Stored data:
┄┄┄┄┄┄┄┄┄┄┄┄┄┄┄┄┄┄┄┄

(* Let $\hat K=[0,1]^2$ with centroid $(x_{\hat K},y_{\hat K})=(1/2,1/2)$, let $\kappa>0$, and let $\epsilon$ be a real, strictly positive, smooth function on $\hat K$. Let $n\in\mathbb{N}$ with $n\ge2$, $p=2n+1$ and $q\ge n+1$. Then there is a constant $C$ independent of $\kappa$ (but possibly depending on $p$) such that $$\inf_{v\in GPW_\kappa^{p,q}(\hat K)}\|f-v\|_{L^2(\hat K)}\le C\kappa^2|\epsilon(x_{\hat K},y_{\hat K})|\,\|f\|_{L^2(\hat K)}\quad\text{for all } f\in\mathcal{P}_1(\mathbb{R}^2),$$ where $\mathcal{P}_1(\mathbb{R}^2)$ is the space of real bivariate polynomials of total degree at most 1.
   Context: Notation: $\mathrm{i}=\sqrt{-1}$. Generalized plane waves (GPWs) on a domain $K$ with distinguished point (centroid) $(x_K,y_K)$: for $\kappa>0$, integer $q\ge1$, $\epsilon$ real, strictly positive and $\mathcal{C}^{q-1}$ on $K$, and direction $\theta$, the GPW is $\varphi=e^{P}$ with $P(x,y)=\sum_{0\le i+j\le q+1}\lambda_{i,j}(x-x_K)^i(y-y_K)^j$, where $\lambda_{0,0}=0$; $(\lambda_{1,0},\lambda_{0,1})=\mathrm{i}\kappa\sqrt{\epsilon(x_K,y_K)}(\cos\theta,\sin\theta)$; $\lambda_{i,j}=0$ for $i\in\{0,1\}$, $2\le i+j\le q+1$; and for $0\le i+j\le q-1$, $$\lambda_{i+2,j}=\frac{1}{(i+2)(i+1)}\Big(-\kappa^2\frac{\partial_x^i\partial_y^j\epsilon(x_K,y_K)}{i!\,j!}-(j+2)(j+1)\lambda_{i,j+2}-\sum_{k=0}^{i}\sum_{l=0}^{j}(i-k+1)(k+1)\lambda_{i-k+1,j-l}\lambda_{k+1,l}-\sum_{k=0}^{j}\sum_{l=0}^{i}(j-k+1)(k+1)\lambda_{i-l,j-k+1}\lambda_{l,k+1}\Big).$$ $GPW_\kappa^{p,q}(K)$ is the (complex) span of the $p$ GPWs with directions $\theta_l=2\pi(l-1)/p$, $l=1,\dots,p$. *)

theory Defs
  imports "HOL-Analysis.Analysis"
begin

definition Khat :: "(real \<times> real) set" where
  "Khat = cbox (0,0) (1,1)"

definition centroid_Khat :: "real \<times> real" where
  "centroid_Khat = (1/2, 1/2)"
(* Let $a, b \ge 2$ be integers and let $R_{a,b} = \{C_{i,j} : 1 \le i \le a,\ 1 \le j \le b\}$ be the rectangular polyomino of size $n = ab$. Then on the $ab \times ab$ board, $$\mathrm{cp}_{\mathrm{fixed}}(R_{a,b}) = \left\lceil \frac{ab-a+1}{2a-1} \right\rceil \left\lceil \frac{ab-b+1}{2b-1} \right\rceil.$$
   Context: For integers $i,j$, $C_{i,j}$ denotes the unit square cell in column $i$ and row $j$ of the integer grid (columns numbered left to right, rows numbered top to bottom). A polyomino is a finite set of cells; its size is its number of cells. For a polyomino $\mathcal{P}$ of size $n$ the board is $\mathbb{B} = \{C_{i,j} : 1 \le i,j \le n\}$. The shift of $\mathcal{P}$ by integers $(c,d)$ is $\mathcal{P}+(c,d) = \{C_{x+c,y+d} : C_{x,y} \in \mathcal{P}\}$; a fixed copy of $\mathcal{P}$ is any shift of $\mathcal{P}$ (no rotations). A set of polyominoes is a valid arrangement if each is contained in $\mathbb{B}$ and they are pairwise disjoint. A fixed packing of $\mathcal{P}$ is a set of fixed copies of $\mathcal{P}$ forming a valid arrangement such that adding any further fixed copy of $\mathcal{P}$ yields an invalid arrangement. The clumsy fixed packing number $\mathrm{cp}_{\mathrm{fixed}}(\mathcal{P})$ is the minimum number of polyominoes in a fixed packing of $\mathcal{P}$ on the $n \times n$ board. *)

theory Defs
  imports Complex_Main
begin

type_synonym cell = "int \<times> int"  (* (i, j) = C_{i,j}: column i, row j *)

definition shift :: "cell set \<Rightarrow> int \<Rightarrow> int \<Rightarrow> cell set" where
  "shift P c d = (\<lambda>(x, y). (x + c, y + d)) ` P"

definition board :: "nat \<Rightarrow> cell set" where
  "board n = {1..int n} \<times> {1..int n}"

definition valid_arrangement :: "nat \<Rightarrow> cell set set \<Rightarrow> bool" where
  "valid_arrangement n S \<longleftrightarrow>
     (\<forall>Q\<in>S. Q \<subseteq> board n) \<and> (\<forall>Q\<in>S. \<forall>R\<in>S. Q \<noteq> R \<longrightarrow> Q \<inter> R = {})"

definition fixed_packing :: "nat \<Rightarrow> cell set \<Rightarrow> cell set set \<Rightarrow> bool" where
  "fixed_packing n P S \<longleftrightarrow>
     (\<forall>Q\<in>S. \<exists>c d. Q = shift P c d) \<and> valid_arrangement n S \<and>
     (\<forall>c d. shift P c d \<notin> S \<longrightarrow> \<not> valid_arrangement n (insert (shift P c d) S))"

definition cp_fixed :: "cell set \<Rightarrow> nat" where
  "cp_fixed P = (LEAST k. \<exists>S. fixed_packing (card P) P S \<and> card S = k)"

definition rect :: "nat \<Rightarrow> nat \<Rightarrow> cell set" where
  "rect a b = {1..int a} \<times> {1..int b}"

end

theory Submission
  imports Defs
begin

┄┄┄┄┄┄┄┄┄┄┄┄┄┄┄┄┄┄┄┄

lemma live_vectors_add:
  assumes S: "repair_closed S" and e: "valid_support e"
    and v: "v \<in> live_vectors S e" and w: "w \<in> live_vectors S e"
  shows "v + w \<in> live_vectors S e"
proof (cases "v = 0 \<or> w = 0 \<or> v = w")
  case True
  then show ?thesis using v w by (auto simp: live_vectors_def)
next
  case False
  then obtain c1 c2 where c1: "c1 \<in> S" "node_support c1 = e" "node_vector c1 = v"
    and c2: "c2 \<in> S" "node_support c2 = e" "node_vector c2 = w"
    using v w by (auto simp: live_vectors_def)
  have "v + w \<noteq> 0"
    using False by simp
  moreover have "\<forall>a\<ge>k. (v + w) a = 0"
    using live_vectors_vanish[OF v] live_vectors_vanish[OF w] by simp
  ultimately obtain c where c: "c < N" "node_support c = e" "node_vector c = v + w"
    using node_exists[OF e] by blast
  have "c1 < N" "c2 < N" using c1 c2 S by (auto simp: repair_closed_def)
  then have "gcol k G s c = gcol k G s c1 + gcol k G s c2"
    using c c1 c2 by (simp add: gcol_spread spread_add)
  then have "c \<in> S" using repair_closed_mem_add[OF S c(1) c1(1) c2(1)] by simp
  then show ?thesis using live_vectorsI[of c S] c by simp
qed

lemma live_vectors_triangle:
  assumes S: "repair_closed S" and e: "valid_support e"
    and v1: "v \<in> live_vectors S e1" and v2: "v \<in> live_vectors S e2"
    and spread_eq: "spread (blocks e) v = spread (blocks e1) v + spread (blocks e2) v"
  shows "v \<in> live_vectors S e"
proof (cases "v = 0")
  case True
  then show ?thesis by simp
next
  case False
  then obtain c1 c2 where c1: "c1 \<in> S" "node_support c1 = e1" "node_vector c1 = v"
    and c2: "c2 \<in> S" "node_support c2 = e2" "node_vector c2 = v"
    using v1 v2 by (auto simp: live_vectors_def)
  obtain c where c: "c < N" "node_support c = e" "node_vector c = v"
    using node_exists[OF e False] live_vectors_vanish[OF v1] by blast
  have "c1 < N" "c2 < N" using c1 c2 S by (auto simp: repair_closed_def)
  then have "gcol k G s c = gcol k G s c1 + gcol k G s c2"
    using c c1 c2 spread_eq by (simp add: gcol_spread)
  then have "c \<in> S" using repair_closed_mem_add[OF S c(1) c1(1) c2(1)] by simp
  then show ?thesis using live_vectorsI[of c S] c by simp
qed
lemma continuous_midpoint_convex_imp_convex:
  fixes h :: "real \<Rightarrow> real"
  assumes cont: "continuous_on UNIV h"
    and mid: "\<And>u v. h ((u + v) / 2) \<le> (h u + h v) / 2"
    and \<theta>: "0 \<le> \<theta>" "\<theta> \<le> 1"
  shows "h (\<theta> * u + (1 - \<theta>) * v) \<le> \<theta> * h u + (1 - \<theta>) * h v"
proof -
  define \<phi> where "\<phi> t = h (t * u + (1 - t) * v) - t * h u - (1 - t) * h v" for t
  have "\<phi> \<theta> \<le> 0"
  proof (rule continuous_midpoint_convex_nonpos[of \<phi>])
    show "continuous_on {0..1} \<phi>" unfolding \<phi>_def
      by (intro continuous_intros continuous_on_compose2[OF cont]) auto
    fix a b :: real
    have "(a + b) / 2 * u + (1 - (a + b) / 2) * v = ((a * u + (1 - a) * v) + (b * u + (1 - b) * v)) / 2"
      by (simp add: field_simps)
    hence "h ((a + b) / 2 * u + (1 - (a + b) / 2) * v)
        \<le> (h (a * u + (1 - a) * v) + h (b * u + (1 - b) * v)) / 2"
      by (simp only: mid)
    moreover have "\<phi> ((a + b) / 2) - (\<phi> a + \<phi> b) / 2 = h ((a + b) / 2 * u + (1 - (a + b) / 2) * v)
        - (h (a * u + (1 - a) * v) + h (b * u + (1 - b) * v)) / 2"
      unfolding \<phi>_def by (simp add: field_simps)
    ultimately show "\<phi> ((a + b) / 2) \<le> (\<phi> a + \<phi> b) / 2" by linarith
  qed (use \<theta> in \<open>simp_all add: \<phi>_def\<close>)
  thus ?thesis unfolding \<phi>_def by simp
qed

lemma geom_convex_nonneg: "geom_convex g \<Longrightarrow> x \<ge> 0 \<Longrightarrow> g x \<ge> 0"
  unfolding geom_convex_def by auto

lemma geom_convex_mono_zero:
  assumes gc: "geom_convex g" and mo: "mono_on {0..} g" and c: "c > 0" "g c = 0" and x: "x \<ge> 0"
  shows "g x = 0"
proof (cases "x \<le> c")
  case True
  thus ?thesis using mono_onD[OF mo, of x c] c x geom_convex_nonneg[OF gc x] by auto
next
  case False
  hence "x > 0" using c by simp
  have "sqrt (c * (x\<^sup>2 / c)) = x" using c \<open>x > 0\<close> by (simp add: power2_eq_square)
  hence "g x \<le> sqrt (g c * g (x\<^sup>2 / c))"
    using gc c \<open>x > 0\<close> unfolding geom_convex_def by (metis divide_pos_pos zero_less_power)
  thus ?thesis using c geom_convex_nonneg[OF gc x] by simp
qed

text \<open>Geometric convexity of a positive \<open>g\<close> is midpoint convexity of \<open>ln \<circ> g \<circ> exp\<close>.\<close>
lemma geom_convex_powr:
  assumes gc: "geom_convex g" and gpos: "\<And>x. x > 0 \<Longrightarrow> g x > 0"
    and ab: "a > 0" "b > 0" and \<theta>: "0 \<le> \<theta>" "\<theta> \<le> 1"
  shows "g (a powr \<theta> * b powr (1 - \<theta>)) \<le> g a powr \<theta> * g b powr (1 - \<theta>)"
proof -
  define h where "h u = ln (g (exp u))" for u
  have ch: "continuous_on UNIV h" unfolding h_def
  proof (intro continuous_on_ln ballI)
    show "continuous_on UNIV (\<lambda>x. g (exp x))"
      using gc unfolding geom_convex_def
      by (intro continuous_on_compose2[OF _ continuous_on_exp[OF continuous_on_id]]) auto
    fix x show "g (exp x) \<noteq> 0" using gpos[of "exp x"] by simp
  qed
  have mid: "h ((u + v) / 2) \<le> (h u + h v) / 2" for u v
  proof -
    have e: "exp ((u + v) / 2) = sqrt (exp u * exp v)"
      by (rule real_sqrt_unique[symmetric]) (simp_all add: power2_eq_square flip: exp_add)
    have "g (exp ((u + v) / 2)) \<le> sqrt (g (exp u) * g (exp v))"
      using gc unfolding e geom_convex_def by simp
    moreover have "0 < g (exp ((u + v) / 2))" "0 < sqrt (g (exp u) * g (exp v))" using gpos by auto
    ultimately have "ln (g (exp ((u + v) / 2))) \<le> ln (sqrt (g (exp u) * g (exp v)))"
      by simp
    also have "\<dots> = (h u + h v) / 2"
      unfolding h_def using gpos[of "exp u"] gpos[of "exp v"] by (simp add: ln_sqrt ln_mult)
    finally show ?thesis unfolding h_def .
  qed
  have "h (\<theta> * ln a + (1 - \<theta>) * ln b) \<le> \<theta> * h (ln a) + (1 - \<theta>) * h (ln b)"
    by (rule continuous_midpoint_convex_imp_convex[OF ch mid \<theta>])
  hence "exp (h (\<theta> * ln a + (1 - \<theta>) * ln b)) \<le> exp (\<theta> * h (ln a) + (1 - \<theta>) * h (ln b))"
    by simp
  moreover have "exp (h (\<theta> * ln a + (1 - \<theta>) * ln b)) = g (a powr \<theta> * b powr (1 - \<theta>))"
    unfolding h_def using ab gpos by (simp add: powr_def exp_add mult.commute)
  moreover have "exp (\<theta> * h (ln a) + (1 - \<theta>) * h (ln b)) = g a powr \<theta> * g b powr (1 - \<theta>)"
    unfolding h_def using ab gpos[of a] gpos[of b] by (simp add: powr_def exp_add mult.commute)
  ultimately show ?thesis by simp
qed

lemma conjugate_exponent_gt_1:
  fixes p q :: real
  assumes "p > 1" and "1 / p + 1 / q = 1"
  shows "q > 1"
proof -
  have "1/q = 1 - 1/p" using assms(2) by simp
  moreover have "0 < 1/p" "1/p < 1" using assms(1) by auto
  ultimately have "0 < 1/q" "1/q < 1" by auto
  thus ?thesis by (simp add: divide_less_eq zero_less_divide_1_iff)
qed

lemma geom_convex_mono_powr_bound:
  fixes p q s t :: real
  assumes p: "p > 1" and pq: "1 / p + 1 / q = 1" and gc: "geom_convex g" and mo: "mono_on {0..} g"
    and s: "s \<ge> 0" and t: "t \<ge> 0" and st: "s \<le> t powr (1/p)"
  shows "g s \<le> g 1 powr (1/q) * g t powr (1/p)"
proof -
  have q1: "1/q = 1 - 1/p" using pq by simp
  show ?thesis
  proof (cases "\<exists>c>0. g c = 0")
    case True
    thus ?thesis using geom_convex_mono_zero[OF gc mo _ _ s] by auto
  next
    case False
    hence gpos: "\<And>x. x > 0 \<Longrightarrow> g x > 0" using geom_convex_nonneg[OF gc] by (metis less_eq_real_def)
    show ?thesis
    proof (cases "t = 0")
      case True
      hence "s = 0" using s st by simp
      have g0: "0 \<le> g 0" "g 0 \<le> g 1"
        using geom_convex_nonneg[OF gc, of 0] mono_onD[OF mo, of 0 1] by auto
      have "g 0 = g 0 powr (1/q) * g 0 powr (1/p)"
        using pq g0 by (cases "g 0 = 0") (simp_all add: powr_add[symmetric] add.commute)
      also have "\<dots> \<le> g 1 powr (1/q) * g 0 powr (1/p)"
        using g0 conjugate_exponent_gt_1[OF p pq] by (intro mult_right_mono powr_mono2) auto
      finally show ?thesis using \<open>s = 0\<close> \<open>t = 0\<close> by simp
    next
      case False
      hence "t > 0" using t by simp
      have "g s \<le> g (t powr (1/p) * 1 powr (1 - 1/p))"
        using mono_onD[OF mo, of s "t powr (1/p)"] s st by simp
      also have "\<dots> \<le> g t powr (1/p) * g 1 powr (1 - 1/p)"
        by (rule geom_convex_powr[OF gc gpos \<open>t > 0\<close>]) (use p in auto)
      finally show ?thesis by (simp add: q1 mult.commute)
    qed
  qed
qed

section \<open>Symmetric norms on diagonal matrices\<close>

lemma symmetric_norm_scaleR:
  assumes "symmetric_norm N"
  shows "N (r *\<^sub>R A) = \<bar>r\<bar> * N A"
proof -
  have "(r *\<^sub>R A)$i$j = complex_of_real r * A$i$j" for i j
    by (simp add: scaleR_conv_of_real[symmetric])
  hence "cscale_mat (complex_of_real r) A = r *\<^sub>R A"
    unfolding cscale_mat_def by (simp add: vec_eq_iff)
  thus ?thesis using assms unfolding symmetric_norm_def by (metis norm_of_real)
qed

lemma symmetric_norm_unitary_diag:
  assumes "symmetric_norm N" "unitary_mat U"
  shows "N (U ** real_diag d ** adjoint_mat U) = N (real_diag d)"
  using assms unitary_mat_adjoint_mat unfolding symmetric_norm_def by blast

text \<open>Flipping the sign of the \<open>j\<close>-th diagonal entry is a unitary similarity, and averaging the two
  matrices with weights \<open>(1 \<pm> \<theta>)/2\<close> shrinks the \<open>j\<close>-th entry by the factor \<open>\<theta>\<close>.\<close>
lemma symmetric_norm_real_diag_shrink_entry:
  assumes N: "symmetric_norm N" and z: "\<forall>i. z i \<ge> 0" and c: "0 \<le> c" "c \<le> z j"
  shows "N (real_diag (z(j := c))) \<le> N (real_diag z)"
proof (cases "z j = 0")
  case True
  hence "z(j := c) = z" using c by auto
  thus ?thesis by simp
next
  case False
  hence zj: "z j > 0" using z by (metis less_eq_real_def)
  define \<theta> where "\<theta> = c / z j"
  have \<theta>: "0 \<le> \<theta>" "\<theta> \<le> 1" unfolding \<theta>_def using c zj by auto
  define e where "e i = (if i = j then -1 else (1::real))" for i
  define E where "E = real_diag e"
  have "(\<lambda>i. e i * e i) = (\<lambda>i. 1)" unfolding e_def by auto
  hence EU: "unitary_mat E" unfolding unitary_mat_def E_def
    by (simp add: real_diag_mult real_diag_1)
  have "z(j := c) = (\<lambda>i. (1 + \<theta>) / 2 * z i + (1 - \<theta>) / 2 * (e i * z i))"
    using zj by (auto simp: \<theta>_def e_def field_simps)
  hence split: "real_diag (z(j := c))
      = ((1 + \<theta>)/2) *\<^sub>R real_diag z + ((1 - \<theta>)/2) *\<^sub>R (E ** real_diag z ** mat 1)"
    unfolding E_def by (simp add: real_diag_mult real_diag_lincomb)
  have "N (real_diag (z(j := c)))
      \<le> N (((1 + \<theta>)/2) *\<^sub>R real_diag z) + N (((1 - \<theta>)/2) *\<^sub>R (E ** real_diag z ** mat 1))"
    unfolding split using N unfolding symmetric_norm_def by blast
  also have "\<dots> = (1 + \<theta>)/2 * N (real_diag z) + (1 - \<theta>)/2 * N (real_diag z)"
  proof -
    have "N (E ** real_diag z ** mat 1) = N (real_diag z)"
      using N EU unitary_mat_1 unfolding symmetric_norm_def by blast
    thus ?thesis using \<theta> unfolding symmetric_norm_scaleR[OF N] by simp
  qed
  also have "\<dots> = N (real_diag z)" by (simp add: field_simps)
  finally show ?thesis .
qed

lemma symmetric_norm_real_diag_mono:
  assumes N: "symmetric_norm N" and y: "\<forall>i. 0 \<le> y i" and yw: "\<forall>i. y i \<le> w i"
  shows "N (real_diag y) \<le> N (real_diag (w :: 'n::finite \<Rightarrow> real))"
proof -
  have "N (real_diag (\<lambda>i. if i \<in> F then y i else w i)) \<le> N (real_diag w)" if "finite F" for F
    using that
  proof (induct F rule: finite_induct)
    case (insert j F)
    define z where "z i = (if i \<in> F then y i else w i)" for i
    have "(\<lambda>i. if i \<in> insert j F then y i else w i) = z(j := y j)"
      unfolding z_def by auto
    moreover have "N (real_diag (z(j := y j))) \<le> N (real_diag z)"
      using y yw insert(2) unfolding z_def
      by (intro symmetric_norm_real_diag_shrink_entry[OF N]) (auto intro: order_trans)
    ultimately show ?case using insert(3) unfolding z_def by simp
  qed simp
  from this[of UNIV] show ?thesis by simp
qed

┄┄┄┄┄┄┄┄┄┄┄┄┄┄┄┄┄┄┄┄

◆ Assignment ◆
Wherever "UNIV" turns up in the records, copy the whole line.

◆ Solution to this exercise ◆
  assumes cont: "continuous_on UNIV h"
  have ch: "continuous_on UNIV h" unfolding h_def
    show "continuous_on UNIV (\<lambda>x. g (exp x))"
  from this[of UNIV] show ?thesis by simp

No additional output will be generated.